Colonel Naylor took the envelope, extracted a single sheet of paper from it, read it, and handed it to Colonel Castillo.
TOP SECRET
WASH DC 0010 9 JUN 2007
FROM SEC STATE
LT COL A.B. NAYLOR, JR
US EMBASSY MONTEVIDEO
REFERENCE YOUR SITREP #2
INFORM CGC POTUS AGREEABLE TO TERMS WITH FOLLOWING CAVEATS:
— 1- REPORTS TO POTUS WILL BE ON A TWO-DAY REPEAT TWO-DAY BASIS NOT REPEAT NOT TWO-WEEK SCHEDULE
— 2- DO NOT BEGIN ANY TRAVEL UNTIL MR. ROSCOE J. DANTON JOINS YOUR PARTY; HE WILL GO WHEREVER YOU GO
COHEN, SEC STATE
TOP SECRET
Castillo read the message and handed it to Mr. Leverette.
“Well, Uncle Remus, now we know what she told us on the CaseyBerry last night,” he said. “But not what this business about Roscoe is all about.”
“I’m sure he will tell us when he gets here,” Leverette said.
“And I’m sure someone is going to tell me what this Southern Cone meeting of the NAACP is all about,” C. Gregory Damon said.
“We really don’t want that word to get out in the State Department, Greg,” Castillo said. “And since you’ve put on those striped pants and thus abandoned your friends in the special ops community…”
“With all possible respect, Colonel, sir,” Mr. Damon said, and gave Castillo the finger.
“We have returned to where it all began to start again,” Castillo said, “for a period not to exceed ninety days. I’m on a recruiting mission. Are you interested?”
“Hell no, I’m not interested. You’ve recruited me before, and every time I went along, people tried to kill me. And what do you mean, ‘where it all began’?”

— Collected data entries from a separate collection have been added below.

(* Let $f\in C^6([-1,1])$ and $M:=\sup\{|f^{(6)}(x)| : x\in[-1,1]\}$. Define \[ T(f):=\tfrac{2}{5}\cdot\tfrac13\bigl(f(-1)+4f(0)+f(1)\bigr)+\tfrac35\Bigl(f\bigl(-\tfrac{\sqrt3}{3}\bigr)+f\bigl(\tfrac{\sqrt3}{3}\bigr)\Bigr),\qquad I(f):=\int_{-1}^1 f(x)\,dx . \] Then $|T(f)-I(f)|\le \dfrac{M}{28350}$. *)

theory Defs
  imports "HOL-Analysis.Analysis"
begin

end

theory Submission
  imports Defs
begin

text \<open>
  The rule is the blend of Simpson's rule and the two-point Gauss rule with weights 2/5 and 3/5,
  and it is exact for polynomials of degree at most 5. Six integrations by parts on each of the
  four subintervals cut out by the nodes therefore give the Peano representation
  \<open>I(f) - T(f) = \<integral> K \<cdot> f^(6)\<close> with a piecewise polynomial kernel \<open>K\<close>. The kernel is nonpositive
  on \<open>[-1, 1]\<close>, so \<open>|T(f) - I(f)| \<le> M |\<integral> K|\<close>, and \<open>\<integral> K = -1/28350\<close> is read off by applying the
  representation to \<open>x\<^sup>6\<close>.
\<close>

definition shifted_power_deriv :: "nat \<Rightarrow> nat \<Rightarrow> real \<Rightarrow> real \<Rightarrow> real" where
  "shifted_power_deriv k n c x = (if k \<le> n then fact n / fact (n - k) * (x - c) ^ (n - k) else 0)"

lemma shifted_power_deriv_0 [simp]: "shifted_power_deriv 0 n c x = (x - c) ^ n"
  by (simp add: shifted_power_deriv_def)

lemma shifted_power_deriv_at_centre:
  "shifted_power_deriv k n c c = (if k = n then fact n else 0)"
  by (simp add: shifted_power_deriv_def)
lemma metabelian_rep_monomial:
  assumes "monomial X1" "monomial X2"
  shows "metabelian_rep X1 X2"
proof -
  have "comm a b ** comm c d = comm c d ** comm a b"
    if "monomial a" "monomial b" "monomial c" "monomial d" for a b c d
    using comm_monomial_diagonal[OF that(1,2)] comm_monomial_diagonal[OF that(3,4)]
    by (auto simp: mult.commute)
  then show ?thesis
    unfolding metabelian_rep_def rep_image_def using monomial_word_eval[OF assms] by auto
qed

definition X0 :: cmat where
  "X0 = mat2 0 1 (-1) 0"

definition Y0 :: "complex \<Rightarrow> cmat" where
  "Y0 l = mat2 0 l (- 1 / l) 0"

lemma Y0_1: "Y0 1 = X0"
  by (simp add: X0_def Y0_def)

lemma traceless_pair_X0_Y0: "l \<noteq> 0 \<Longrightarrow> traceless_pair X0 (Y0 l)"
  by unfold_locales (simp_all add: X0_def Y0_def)

lemma trace_X0_Y0: "trace (X0 ** Y0 l) = - (l + 1 / l)"
  by (simp add: X0_def Y0_def)

lemma is_rep_X0_Y0:
  assumes "odd p" "p > 0" "l ^ nat p = 1"
  shows "is_rep p q X0 (Y0 l)"
proof -
  have "l \<noteq> 0"
  proof
    assume "l = 0"
    with assms(2,3) show False
      by (simp add: power_0_left)
  qed
  then interpret traceless_pair X0 "Y0 l"
    by (rule traceless_pair_X0_Y0)
  have "B = mat2 (- (1 / l)) 0 0 (- l)"
    unfolding B_def by (simp add: X0_def Y0_def)
  then have "matpow B (nat p) = mat2 ((- (1 / l)) ^ nat p) 0 0 ((- l) ^ nat p)"
    by (simp add: matpow_diag)
  also have "\<dots> = - mat 1"
    using assms by (simp add: power_minus_odd even_nat_iff power_one_over mat_eq_mat2)
  finally show ?thesis
    using is_rep_iff_matpow[OF assms(1,2)] by simp
qed

lemma metabelian_rep_X0_Y0: "metabelian_rep X0 (Y0 l)"
  by (rule metabelian_rep_monomial) (auto simp: monomial_def X0_def Y0_def)

lemma irreducible_rep_X0_Y0:
  assumes "l \<noteq> 0" "l\<^sup>2 \<noteq> 1"
  shows "irreducible_rep X0 (Y0 l)"
  unfolding irreducible_rep_def
proof
  assume "\<exists>v. v \<noteq> 0 \<and> (\<forall>g\<in>rep_image X0 (Y0 l). \<exists>c. g *v v = c *s v)"
  then obtain v c d where v: "v \<noteq> 0" "X0 *v v = c *s v" "Y0 l *v v = d *s v"
    using generators_in_rep_image by meson
  define a b where "a = v$1" and "b = v$2"
  have "b = c * a" "- a = c * b" "l * b = d * a" "- (1 / l) * a = d * b"
    using v(2,3) unfolding a_def b_def by (simp_all add: X0_def Y0_def vec2_eq_iff)
  moreover have "l * (1 / l) = 1"
    using assms(1) by simp
  ultimately have "b * b * (l * l - 1) = 0"
    by algebra
  moreover have "b \<noteq> 0"
  proof
    assume "b = 0"
    with \<open>- a = c * b\<close> have "v = 0"
      unfolding a_def b_def by (simp add: vec2_eq_iff)
    with v(1) show False
      by simp
  qed
  ultimately show False
    using assms(2) by (simp add: power2_eq_square)
qed
definition cl_grades_mod4 :: "nat \<Rightarrow> nat \<Rightarrow> nat \<Rightarrow> (nat set \<Rightarrow> 'a::field) set" where
  "cl_grades_mod4 n k l = {U \<in> cl_carrier n. \<forall>A. U A \<noteq> 0 \<longrightarrow> card A mod 4 = k \<or> card A mod 4 = l}"

definition cl_Gamma :: "nat \<Rightarrow> (nat \<Rightarrow> 'a::field) \<Rightarrow> (nat set \<Rightarrow> 'a) set \<Rightarrow> (nat set \<Rightarrow> 'a) set" where
  "cl_Gamma n s L = {T \<in> cl_units n s. \<forall>U \<in> L. cl_mult n s (cl_mult n s T U) (cl_inv n s T) \<in> L}"

definition cl_B :: "nat \<Rightarrow> (nat \<Rightarrow> 'a::field) \<Rightarrow> (nat set \<Rightarrow> 'a) set" where
  "cl_B n s = {T \<in> cl_units n s. cl_mult n s (cl_hat (cl_tilde T)) T \<in> cl_center_units n s}"

text \<open>signatures: real Cl_{p,q} (first p generators square to 1, next q to -1); complex: all 1\<close>
definition real_sig :: "nat \<Rightarrow> nat \<Rightarrow> real" where
  "real_sig p i = (if i < p then 1 else -1)"

definition complex_sig :: "nat \<Rightarrow> complex" where
  "complex_sig i = 1"

end

theory Submission
  imports Defs
begin

text \<open>
  Write U* for the Clifford conjugation hat(tilde U). It is an anti-automorphism acting on grade k
  by (-1)^(k(k+1)/2), so C^03 and C^12 are its eigenspaces for 1 and -1, and B consists of the
  units T for which z = T* T is central. For such T we have T* = z T^-1, hence conjugation by T
  commutes with the star and preserves both eigenspaces. Conversely, if conjugation by T preserves
  an eigenspace L, then applying the star to T e T^-1 shows that every e in L commutes with z.
  For L = C^12 these include all generators e_a, and an element commuting with the generators is
  central. For L = C^03 they include all trivectors, which suffice when n >= 4; for n <= 3 the
  self-conjugate element z already lies in C^0 + C^3, which is central. No lower bound on n is
  needed.
\<close>

section \<open>Signs of products of basis blades\<close>

definition inversions :: "nat set \<Rightarrow> nat set \<Rightarrow> nat" where
  "inversions A B = card {(a, b). a \<in> A \<and> b \<in> B \<and> b < a}"

lemma blade_coef_inversions: "blade_coef s A B = (-1) ^ inversions A B * (\<Prod>i\<in>A \<inter> B. s i)"
  by (simp add: blade_coef_def inversions_def)

lemma blade_coef_empty_left [simp]: "blade_coef s {} B = 1"
  by (simp add: blade_coef_def)

lemma blade_coef_empty_right [simp]: "blade_coef s A {} = 1"
  by (simp add: blade_coef_def)

lemma inversions_eq_sum:
  assumes "finite A" "finite B"
  shows "inversions A B = (\<Sum>a\<in>A. \<Sum>b\<in>B. if b < a then 1 else 0)"
proof -
  have "{(a, b). a \<in> A \<and> b \<in> B \<and> b < a} = Sigma A (\<lambda>a. {b\<in>B. b < a})" by auto
  then show ?thesis
    using assms by (simp add: inversions_def card_SigmaI sum.If_cases Int_def)
qed

lemma neg_one_power_sum_sym_diff:
  assumes "finite X" "finite Y"
  shows "(-1::'a::ring_1) ^ sum f (sym_diff X Y) = (-1) ^ sum f X * (-1) ^ sum f Y"
proof -
  have "sum f X + sum f Y = sum f (sym_diff X Y) + 2 * sum f (X \<inter> Y)"
    using assms by (simp add: sum.union_disjoint sum.Int_Diff[of X f Y] sum.Int_Diff[of Y f X]
        Int_commute Diff_Int_distrib2 disjoint_iff)
  then have "(-1::'a) ^ sum f X * (-1) ^ sum f Y = (-1) ^ (sum f (sym_diff X Y) + 2 * sum f (X \<inter> Y))"
    by (simp only: power_add[symmetric])
  then show ?thesis by (simp add: power_add power_mult)
qed

lemma neg_one_power_inversions_sym_diff_left:
  assumes "finite A" "finite B" "finite D"
  shows "(-1::'a::ring_1) ^ inversions (sym_diff A B) D = (-1) ^ inversions A D * (-1) ^ inversions B D"
  using assms by (simp add: inversions_eq_sum neg_one_power_sum_sym_diff)

lemma neg_one_power_inversions_sym_diff_right:
  assumes "finite A" "finite B" "finite D"
  shows "(-1::'a::comm_ring_1) ^ inversions A (sym_diff B D) = (-1) ^ inversions A B * (-1) ^ inversions A D"
proof -
  have "(-1::'a) ^ inversions A (sym_diff B D) = (\<Prod>a\<in>A. (-1) ^ (\<Sum>b\<in>sym_diff B D. if b < a then 1 else 0))"
    using assms by (simp add: inversions_eq_sum power_sum)
  also have "\<dots> = (\<Prod>a\<in>A. (-1) ^ (\<Sum>b\<in>B. if b < a then 1 else 0)
      * (-1) ^ (\<Sum>b\<in>D. if b < a then 1 else 0))"
    using assms by (simp add: neg_one_power_sum_sym_diff)
  also have "\<dots> = (-1) ^ inversions A B * (-1) ^ inversions A D"
    using assms by (simp add: inversions_eq_sum power_sum prod.distrib)
  finally show ?thesis .
qed

lemma inversions_add_inversions:
  assumes "finite A" "finite B"
  shows "inversions A B + inversions B A + card (A \<inter> B) = card A * card B"
proof -
  let ?below = "{(a, b). a \<in> A \<and> b \<in> B \<and> b < a}"
  let ?above = "{(a, b). a \<in> A \<and> b \<in> B \<and> a < b}"
  let ?diag = "{(a, b). a \<in> A \<and> b \<in> B \<and> a = b}"
  have fin: "finite ?below" "finite ?above" "finite ?diag"
    using assms by (auto intro: finite_subset[of _ "A \<times> B"])
  have "?above = prod.swap ` {(b, a). b \<in> B \<and> a \<in> A \<and> a < b}" by auto
  then have above: "card ?above = inversions B A"
    unfolding inversions_def by (simp add: card_image)
  have "?diag = (\<lambda>x. (x, x)) ` (A \<inter> B)" by auto
  then have diag: "card ?diag = card (A \<inter> B)" by (simp add: card_image inj_on_def)
  have "A \<times> B = ?below \<union> ?above \<union> ?diag" by auto
  then have "card (A \<times> B) = card ?below + card ?above + card ?diag"
    using fin by (simp add: card_Un_disjoint disjoint_iff)
  then show ?thesis
    using above diag by (simp add: inversions_def card_cartesian_product)
qed

lemma blade_coef_commute:
  assumes "finite A" "finite B"
  shows "blade_coef s A B = (-1) ^ (card A * card B + card (A \<inter> B)) * blade_coef s B A"
proof -
  have e: "card A * card B + card (A \<inter> B) = inversions A B + inversions B A + 2 * card (A \<inter> B)"
    using inversions_add_inversions[OF assms] by simp
  show ?thesis
    unfolding blade_coef_inversions e by (simp add: power_add power_mult Int_commute mult.assoc[symmetric])
qed

lemma prod_Int_sym_diff_cocycle:
  fixes s :: "'b \<Rightarrow> 'a::comm_monoid_mult"
  assumes "finite A" "finite B" "finite D"
  shows "prod s (A \<inter> B) * prod s (sym_diff A B \<inter> D) = prod s (B \<inter> D) * prod s (A \<inter> sym_diff B D)"
proof -
  have "prod s (A \<inter> B) * prod s (sym_diff A B \<inter> D) = prod s ((A \<inter> B) \<union> (sym_diff A B \<inter> D))"
    using assms by (subst prod.union_disjoint) auto
  also have "(A \<inter> B) \<union> (sym_diff A B \<inter> D) = (B \<inter> D) \<union> (A \<inter> sym_diff B D)" by blast
  also have "prod s \<dots> = prod s (B \<inter> D) * prod s (A \<inter> sym_diff B D)"
    using assms by (subst prod.union_disjoint) auto
  finally show ?thesis .
qed

lemma blade_coef_cocycle:
  assumes "finite A" "finite B" "finite D"
  shows "blade_coef s A B * blade_coef s (sym_diff A B) D = blade_coef s B D * blade_coef s A (sym_diff B D)"
  using prod_Int_sym_diff_cocycle[OF assms, of s]
  by (simp add: blade_coef_inversions assms neg_one_power_inversions_sym_diff_left
      neg_one_power_inversions_sym_diff_right mult_ac)

section \<open>The algebra structure\<close>

lemma sum_collapse:
  assumes "finite P" "\<And>a b. a \<in> Q1 \<Longrightarrow> b \<in> Q2 \<Longrightarrow> f a b \<in> P"
  shows "(\<Sum>y\<in>P. (\<Sum>(a, b)\<in>Q1 \<times> Q2. if f a b = y then g a b else 0) * h y)
    = (\<Sum>(a, b)\<in>Q1 \<times> Q2. g a b * (h (f a b) :: 'a::semiring_0))"
proof -
  have "(\<Sum>y\<in>P. (\<Sum>(a, b)\<in>Q1 \<times> Q2. if f a b = y then g a b else 0) * h y)
      = (\<Sum>y\<in>P. \<Sum>x\<in>Q1 \<times> Q2. if f (fst x) (snd x) = y then g (fst x) (snd x) * h y else 0)"
    by (auto simp: sum_distrib_right split_beta intro!: sum.cong)
  also have "\<dots> = (\<Sum>x\<in>Q1 \<times> Q2. \<Sum>y\<in>P. if f (fst x) (snd x) = y then g (fst x) (snd x) * h y else 0)"
    by (rule sum.swap)
  also have "\<dots> = (\<Sum>(a, b)\<in>Q1 \<times> Q2. g a b * h (f a b))"
    using assms by (auto simp: sum.delta split_beta intro!: sum.cong)
  finally show ?thesis .
qed

lemma cl_carrier_eq_zero: "U \<in> cl_carrier n \<Longrightarrow> \<not> C \<subseteq> {..<n} \<Longrightarrow> U C = 0"
  unfolding cl_carrier_def by blast

lemma sym_diff_eq_iff: "sym_diff A B = C \<longleftrightarrow> B = sym_diff A C"
  by blast

abbreviation blades :: "nat \<Rightarrow> nat set set" where
  "blades n \<equiv> Pow {..<n}"

lemma finite_blade: "A \<in> blades n \<Longrightarrow> finite A"
  by (auto intro: finite_subset)

lemma cl_mult_pairs:
  "cl_mult n s U V C = (\<Sum>(A, B)\<in>blades n \<times> blades n. if sym_diff A B = C then U A * V B * blade_coef s A B else 0)"
  by (simp add: cl_mult_def sum.cartesian_product)

lemma cl_mult_left_expand:
  "cl_mult n s (cl_mult n s U V) W E = (\<Sum>A\<in>blades n. \<Sum>B\<in>blades n. \<Sum>D\<in>blades n.
     if sym_diff (sym_diff A B) D = E
     then U A * V B * W D * (blade_coef s A B * blade_coef s (sym_diff A B) D) else 0)"
proof -
  let ?h = "\<lambda>D C. if sym_diff C D = E then W D * blade_coef s C D else 0"
  have "cl_mult n s (cl_mult n s U V) W E = (\<Sum>C\<in>blades n. \<Sum>D\<in>blades n. cl_mult n s U V C * ?h D C)"
    unfolding cl_mult_def[of n s "cl_mult n s U V" W] by (intro sum.cong refl) (simp add: mult_ac)
  also have "\<dots> = (\<Sum>D\<in>blades n. \<Sum>C\<in>blades n. cl_mult n s U V C * ?h D C)"
    by (rule sum.swap)
  also have "\<dots> = (\<Sum>D\<in>blades n. \<Sum>(A, B)\<in>blades n \<times> blades n.
      U A * V B * blade_coef s A B * ?h D (sym_diff A B))"
    unfolding cl_mult_pairs
    by (intro sum.cong refl sum_collapse) auto
  also have "\<dots> = (\<Sum>(A, B)\<in>blades n \<times> blades n. \<Sum>D\<in>blades n.
      U A * V B * blade_coef s A B * ?h D (sym_diff A B))"
    unfolding split_beta by (rule sum.swap)
  also have "\<dots> = (\<Sum>A\<in>blades n. \<Sum>B\<in>blades n. \<Sum>D\<in>blades n.
     if sym_diff (sym_diff A B) D = E
     then U A * V B * W D * (blade_coef s A B * blade_coef s (sym_diff A B) D) else 0)"
    unfolding sum.cartesian_product[symmetric] by (intro sum.cong refl) (simp add: mult_ac)
  finally show ?thesis .
qed

lemma cl_mult_right_expand:
  "cl_mult n s U (cl_mult n s V W) E = (\<Sum>A\<in>blades n. \<Sum>B\<in>blades n. \<Sum>D\<in>blades n.
     if sym_diff A (sym_diff B D) = E
     then U A * V B * W D * (blade_coef s B D * blade_coef s A (sym_diff B D)) else 0)"
proof -
  let ?h = "\<lambda>A C. if sym_diff A C = E then U A * blade_coef s A C else 0"
  have "cl_mult n s U (cl_mult n s V W) E = (\<Sum>A\<in>blades n. \<Sum>C\<in>blades n. cl_mult n s V W C * ?h A C)"
    unfolding cl_mult_def[of n s U "cl_mult n s V W"] by (intro sum.cong refl) (simp add: mult_ac)
  also have "\<dots> = (\<Sum>A\<in>blades n. \<Sum>(B, D)\<in>blades n \<times> blades n.
      V B * W D * blade_coef s B D * ?h A (sym_diff B D))"
    unfolding cl_mult_pairs by (intro sum.cong refl sum_collapse) auto
  also have "\<dots> = (\<Sum>A\<in>blades n. \<Sum>B\<in>blades n. \<Sum>D\<in>blades n.
     if sym_diff A (sym_diff B D) = E
     then U A * V B * W D * (blade_coef s B D * blade_coef s A (sym_diff B D)) else 0)"
    unfolding sum.cartesian_product[symmetric] by (intro sum.cong refl) (simp add: mult_ac)
  finally show ?thesis .
qed

lemma cl_mult_assoc: "cl_mult n s (cl_mult n s U V) W = cl_mult n s U (cl_mult n s V W)"
proof
  fix E
  have "sym_diff (sym_diff A B) D = sym_diff A (sym_diff B D)" for A B D :: "nat set"
    by blast
  then show "cl_mult n s (cl_mult n s U V) W E = cl_mult n s U (cl_mult n s V W) E"
    unfolding cl_mult_left_expand cl_mult_right_expand
    by (intro sum.cong refl) (simp add: blade_coef_cocycle finite_blade)
qed

definition cl_blade :: "nat set \<Rightarrow> nat set \<Rightarrow> 'a::field" where
  "cl_blade A = (\<lambda>C. if C = A then 1 else 0)"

“If I told you, Greg, I’d have to kill you,” Castillo said. “You know about the rule.”
Leverette shook his head.
“Remember,” he said, “when Jack the Stack Masterson got kidnapped and then whacked?”
Damon nodded. “You and I were in Afghanistan.”
“And Charley and Dick here had just left Afghanistan, Dick on a medical evacuation flight — he’d dumped his bird — and Charley under something of a cloud for stealing a bird and going to pick him up where he’d dumped the bird and after he’d been given a direct order not to try it.”
“I heard about that,” Damon said.
“McNab saved his ass by getting him assigned to the head of Homeland Security in Washington as an interpreter and canapé passer.”
“I hadn’t heard that.”
“Did you know that Jack the Stack was Ambassador Lorimer’s son-in-law?” Leverette asked.